RECORD SET section start

(* Let $\Delta\ge 1$ and define $F_\Delta(k,d)=\Delta^{-k\log\frac{k}{d}}$. For every positive integer $t$ and all integers $k_1,\ldots,k_t$ and $d_1,\ldots,d_t$ with $1\le k_i<d_i$ for all $i\le t$, $$\prod_{i\le t}F_\Delta(k_i,d_i)\le F_\Delta\Big(\sum_{i\le t}k_i,\sum_{i\le t}d_i\Big).$$
   Context: Logarithms are natural. *)

theory Defs
  imports Complex_Main
begin

definition F :: "real \<Rightarrow> real \<Rightarrow> real \<Rightarrow> real" where
  "F \<Delta> k d = \<Delta> powr (- k * ln (k / d))"

end

theory Submission
  imports Defs
begin

text \<open>Taking logarithms, the claim is the log-sum inequality
  \<open>K ln (K/D) \<le> \<Sum> k\<^sub>i ln (k\<^sub>i/d\<^sub>i)\<close> for \<open>K = \<Sum> k\<^sub>i\<close>, \<open>D = \<Sum> d\<^sub>i\<close>, combined with the
  monotonicity of \<open>\<Delta> powr _\<close> for \<open>\<Delta> \<ge> 1\<close>. The log-sum inequality follows by summing the
  tangent-line bound \<open>ln x \<le> x - 1\<close> at \<open>x = d\<^sub>i K / (k\<^sub>i D)\<close>; the linear remainders
  \<open>d\<^sub>i K / D - k\<^sub>i\<close> sum to zero.\<close>

lemma mult_ln_div_ge_tangent:
  fixes a b c :: real
  assumes "a > 0" "b > 0" "c > 0"
  shows "a * ln (a / b) \<ge> a * ln c + a - b * c"
proof -
  have "ln (b * c / a) \<le> b * c / a - 1"
    using assms by (intro ln_le_minus_one) simp
  then have "a * ln (b * c / a) \<le> b * c - a"
    using \<open>a > 0\<close> by (simp add: field_simps)
  moreover have "ln (b * c / a) = ln c - ln (a / b)"
    using assms by (simp add: ln_div ln_mult)
  ultimately show ?thesis
    by (simp add: right_diff_distrib)
qed

lemma log_sum_inequality:
  fixes k d :: "'a \<Rightarrow> real"
  assumes "finite A" "A \<noteq> {}" and pos: "\<And>i. i \<in> A \<Longrightarrow> k i > 0 \<and> d i > 0"
  shows "(\<Sum>i\<in>A. k i) * ln ((\<Sum>i\<in>A. k i) / (\<Sum>i\<in>A. d i)) \<le> (\<Sum>i\<in>A. k i * ln (k i / d i))"
proof -
  define K where "K = (\<Sum>i\<in>A. k i)"
  define D where "D = (\<Sum>i\<in>A. d i)"
  have "K > 0" "D > 0"
    unfolding K_def D_def using assms by (auto intro: sum_pos)
  then have "(\<Sum>i\<in>A. k i * ln (K / D) + k i - d i * (K / D)) \<le> (\<Sum>i\<in>A. k i * ln (k i / d i))"
    using pos by (intro sum_mono mult_ln_div_ge_tangent) auto
  also have "(\<Sum>i\<in>A. k i * ln (K / D) + k i - d i * (K / D)) = K * ln (K / D) + K - D * (K / D)"
    unfolding K_def D_def by (simp add: sum.distrib sum_subtractf sum_distrib_right sum_divide_distrib)
  also have "\<dots> = K * ln (K / D)"
    using \<open>D > 0\<close> by simp
  finally show ?thesis
    unfolding K_def D_def .
qed

lemma prod_F:
  fixes k d :: "'a \<Rightarrow> real"
  assumes "finite A" "\<Delta> > 0"
  shows "(\<Prod>i\<in>A. F \<Delta> (k i) (d i)) = \<Delta> powr (- (\<Sum>i\<in>A. k i * ln (k i / d i)))"
  unfolding F_def using assms by (simp add: powr_sum flip: sum_negf)

lemma prod_F_le_F_sum:
  fixes k d :: "'a \<Rightarrow> real"
  assumes "\<Delta> \<ge> 1" "finite A" "A \<noteq> {}" "\<And>i. i \<in> A \<Longrightarrow> k i > 0 \<and> d i > 0"
  shows "(\<Prod>i\<in>A. F \<Delta> (k i) (d i)) \<le> F \<Delta> (\<Sum>i\<in>A. k i) (\<Sum>i\<in>A. d i)"
proof -
  have "(\<Prod>i\<in>A. F \<Delta> (k i) (d i)) = \<Delta> powr (- (\<Sum>i\<in>A. k i * ln (k i / d i)))"
    using assms by (intro prod_F) auto
  also have "\<dots> \<le> \<Delta> powr (- (\<Sum>i\<in>A. k i) * ln ((\<Sum>i\<in>A. k i) / (\<Sum>i\<in>A. d i)))"
    using assms log_sum_inequality[of A k d] by (intro powr_mono) auto
  also have "\<dots> = F \<Delta> (\<Sum>i\<in>A. k i) (\<Sum>i\<in>A. d i)"
    unfolding F_def ..
  finally show ?thesis .
qed

theorem lemma3:
  fixes \<Delta> :: real and t :: nat and k d :: "nat \<Rightarrow> int"
  assumes "\<Delta> \<ge> 1" and "t \<ge> 1"
    and "\<And>i. i \<in> {1..t} \<Longrightarrow> 1 \<le> k i \<and> k i < d i"
  shows "(\<Prod>i\<in>{1..t}. F \<Delta> (k i) (d i))
           \<le> F \<Delta> (\<Sum>i\<in>{1..t}. k i) (\<Sum>i\<in>{1..t}. d i)"
  using prod_F_le_F_sum[of \<Delta> "{1..t}" "\<lambda>i. real_of_int (k i)" "\<lambda>i. real_of_int (d i)"] assms
  by force

end
(* Let $F$ be a forest and $t$ a positive constant. Then there exists a (zero,degree)-assignment $\tau'$ for $F$ with $\overline{\tau'}\le t$ and $Ldyn_t(F)=dyn_{\tau'}(F)$.
   Context: A threshold assignment is a function $\tau:V(F)\to\{0,1,2,\dots\}$ with $\tau(v)\le deg_F(v)$ for every $v$; $\overline{\tau}=\sum_v\tau(v)/|V(F)|$. A (zero,degree)-assignment is one with $\tau(v)\in\{0,deg_F(v)\}$ for every vertex $v$. A set $D\subseteq V(F)$ is a $\tau$-dynamo if $V(F)$ can be partitioned into $D_0=D,D_1,\dots,D_k$ such that for each $1\le i\le k$, $D_i$ consists of all vertices not in $D_0\cup\dots\cup D_{i-1}$ having at least $\tau(v)$ neighbors in $D_0\cup\dots\cup D_{i-1}$; $dyn_\tau(F)$ is the minimum size of a $\tau$-dynamo. $Ldyn_t(F)=\max\{dyn_\tau(F):\overline{\tau}\le t\}$. *)

theory Defs
  imports Main "HOL-Library.Sublist" Complex_Main
begin

definition simple_graph :: "'a set \<Rightarrow> ('a \<Rightarrow> 'a \<Rightarrow> bool) \<Rightarrow> bool" where
  "simple_graph V E \<longleftrightarrow> finite V \<and> (\<forall>u v. E u v \<longrightarrow> u \<in> V \<and> v \<in> V)
     \<and> (\<forall>u v. E u v \<longrightarrow> E v u) \<and> (\<forall>v. \<not> E v v)"

definition has_cycle :: "'a set \<Rightarrow> ('a \<Rightarrow> 'a \<Rightarrow> bool) \<Rightarrow> bool" where
  "has_cycle V E \<longleftrightarrow> (\<exists>cs. length cs \<ge> 3 \<and> distinct cs \<and> set cs \<subseteq> V
     \<and> (\<forall>i. Suc i < length cs \<longrightarrow> E (cs ! i) (cs ! Suc i))
     \<and> E (last cs) (hd cs))"

definition forest :: "'a set \<Rightarrow> ('a \<Rightarrow> 'a \<Rightarrow> bool) \<Rightarrow> bool" where
  "forest V E \<longleftrightarrow> simple_graph V E \<and> \<not> has_cycle V E"

definition deg :: "'a set \<Rightarrow> ('a \<Rightarrow> 'a \<Rightarrow> bool) \<Rightarrow> 'a \<Rightarrow> nat" where
  "deg V E v = card {u \<in> V. E v u}"

definition threshold_assignment :: "'a set \<Rightarrow> ('a \<Rightarrow> 'a \<Rightarrow> bool) \<Rightarrow> ('a \<Rightarrow> nat) \<Rightarrow> bool" where
  "threshold_assignment V E \<tau> \<longleftrightarrow> (\<forall>v\<in>V. \<tau> v \<le> deg V E v)"

definition zero_degree_assignment :: "'a set \<Rightarrow> ('a \<Rightarrow> 'a \<Rightarrow> bool) \<Rightarrow> ('a \<Rightarrow> nat) \<Rightarrow> bool" where
  "zero_degree_assignment V E \<tau> \<longleftrightarrow> (\<forall>v\<in>V. \<tau> v = 0 \<or> \<tau> v = deg V E v)"

definition avg_tau :: "'a set \<Rightarrow> ('a \<Rightarrow> nat) \<Rightarrow> real" where
  "avg_tau V \<tau> = real (\<Sum>v\<in>V. \<tau> v) / real (card V)"

definition dyn_step :: "'a set \<Rightarrow> ('a \<Rightarrow> 'a \<Rightarrow> bool) \<Rightarrow> ('a \<Rightarrow> nat) \<Rightarrow> 'a set \<Rightarrow> 'a set" where
  "dyn_step V E \<tau> S = S \<union> {v \<in> V - S. card {u \<in> S. E v u} \<ge> \<tau> v}"

definition is_dynamo :: "'a set \<Rightarrow> ('a \<Rightarrow> 'a \<Rightarrow> bool) \<Rightarrow> ('a \<Rightarrow> nat) \<Rightarrow> 'a set \<Rightarrow> bool" where
  "is_dynamo V E \<tau> D \<longleftrightarrow> D \<subseteq> V \<and> (\<exists>k. (dyn_step V E \<tau> ^^ k) D = V)"

definition dyn :: "'a set \<Rightarrow> ('a \<Rightarrow> 'a \<Rightarrow> bool) \<Rightarrow> ('a \<Rightarrow> nat) \<Rightarrow> nat" where
  "dyn V E \<tau> = (LEAST n. \<exists>D. is_dynamo V E \<tau> D \<and> card D = n)"

definition Ldyn :: "'a set \<Rightarrow> ('a \<Rightarrow> 'a \<Rightarrow> bool) \<Rightarrow> real \<Rightarrow> nat" where
  "Ldyn V E t = Max {dyn V E \<tau> | \<tau>. threshold_assignment V E \<tau> \<and> avg_tau V \<tau> \<le> t}"

end

theory Submission
  imports Defs
begin

text \<open>
  Take \<open>\<tau>\<close> attaining \<open>Ldyn\<^sub>t(F)\<close>. Peeling off vertices of threshold \<open>0\<close> and leaves, one finds
  a \<open>\<tau>\<close>-dynamo \<open>D\<close> together with a matching \<open>d \<mapsto> m d\<close> of \<open>D\<close> into \<open>V - D\<close> whose matched
  vertices have total degree at most \<open>\<Sum>\<tau>\<close>. Setting \<open>\<tau>' = deg\<close> on the matched vertices and \<open>0\<close>
  elsewhere keeps the average below \<open>t\<close>; and since two adjacent vertices whose thresholds are
  their degrees can never activate each other, every \<open>\<tau>'\<close>-dynamo contains an endpoint of each
  matched edge. Hence \<open>dyn\<^sub>\<tau>'(F) \<ge> |D| \<ge> dyn\<^sub>\<tau>(F) = Ldyn\<^sub>t(F)\<close>.
\<close>

definition graph_path :: "'a set \<Rightarrow> ('a \<Rightarrow> 'a \<Rightarrow> bool) \<Rightarrow> 'a list \<Rightarrow> bool" where
  "graph_path V E xs \<longleftrightarrow> xs \<noteq> [] \<and> distinct xs \<and> set xs \<subseteq> V
     \<and> (\<forall>i. Suc i < length xs \<longrightarrow> E (xs ! i) (xs ! Suc i))"

lemma graph_path_Cons:
  assumes "graph_path V E xs" "y \<in> V" "y \<notin> set xs" "E y (hd xs)"
  shows "graph_path V E (y # xs)"
  unfolding graph_path_def
proof (intro conjI allI impI)
  fix i assume "Suc i < length (y # xs)"
  then show "E ((y # xs) ! i) ((y # xs) ! Suc i)"
    using assms by (cases i) (auto simp: graph_path_def hd_conv_nth)
qed (use assms in \<open>auto simp: graph_path_def\<close>)

lemma longest_graph_path_exists:
  assumes "finite V" "V \<noteq> {}"
  shows "\<exists>xs. graph_path V E xs \<and> (\<forall>ys. graph_path V E ys \<longrightarrow> length ys \<le> length xs)"
proof -
  obtain a where "a \<in> V" using assms(2) by blast
  then have "graph_path V E [a]" by (simp add: graph_path_def)
  moreover have "length ys < Suc (card V)" if "graph_path V E ys" for ys
    using that distinct_card card_mono[OF assms(1)] unfolding graph_path_def
    by (metis le_imp_less_Suc)
  ultimately show ?thesis
    using Lattices_Big.ex_has_greatest_nat[of "graph_path V E" "[a]" length "Suc (card V)"] by blast
qed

RECORD SET section end

TASK
Across the data, pull every line containing the string "intro".

RESULT OF THIS TASK
    using assms by (intro ln_le_minus_one) simp
    unfolding K_def D_def using assms by (auto intro: sum_pos)
    using pos by (intro sum_mono mult_ln_div_ge_tangent) auto
    using assms by (intro prod_F) auto
    using assms log_sum_inequality[of A k d] by (intro powr_mono) auto
proof (intro conjI allI impI)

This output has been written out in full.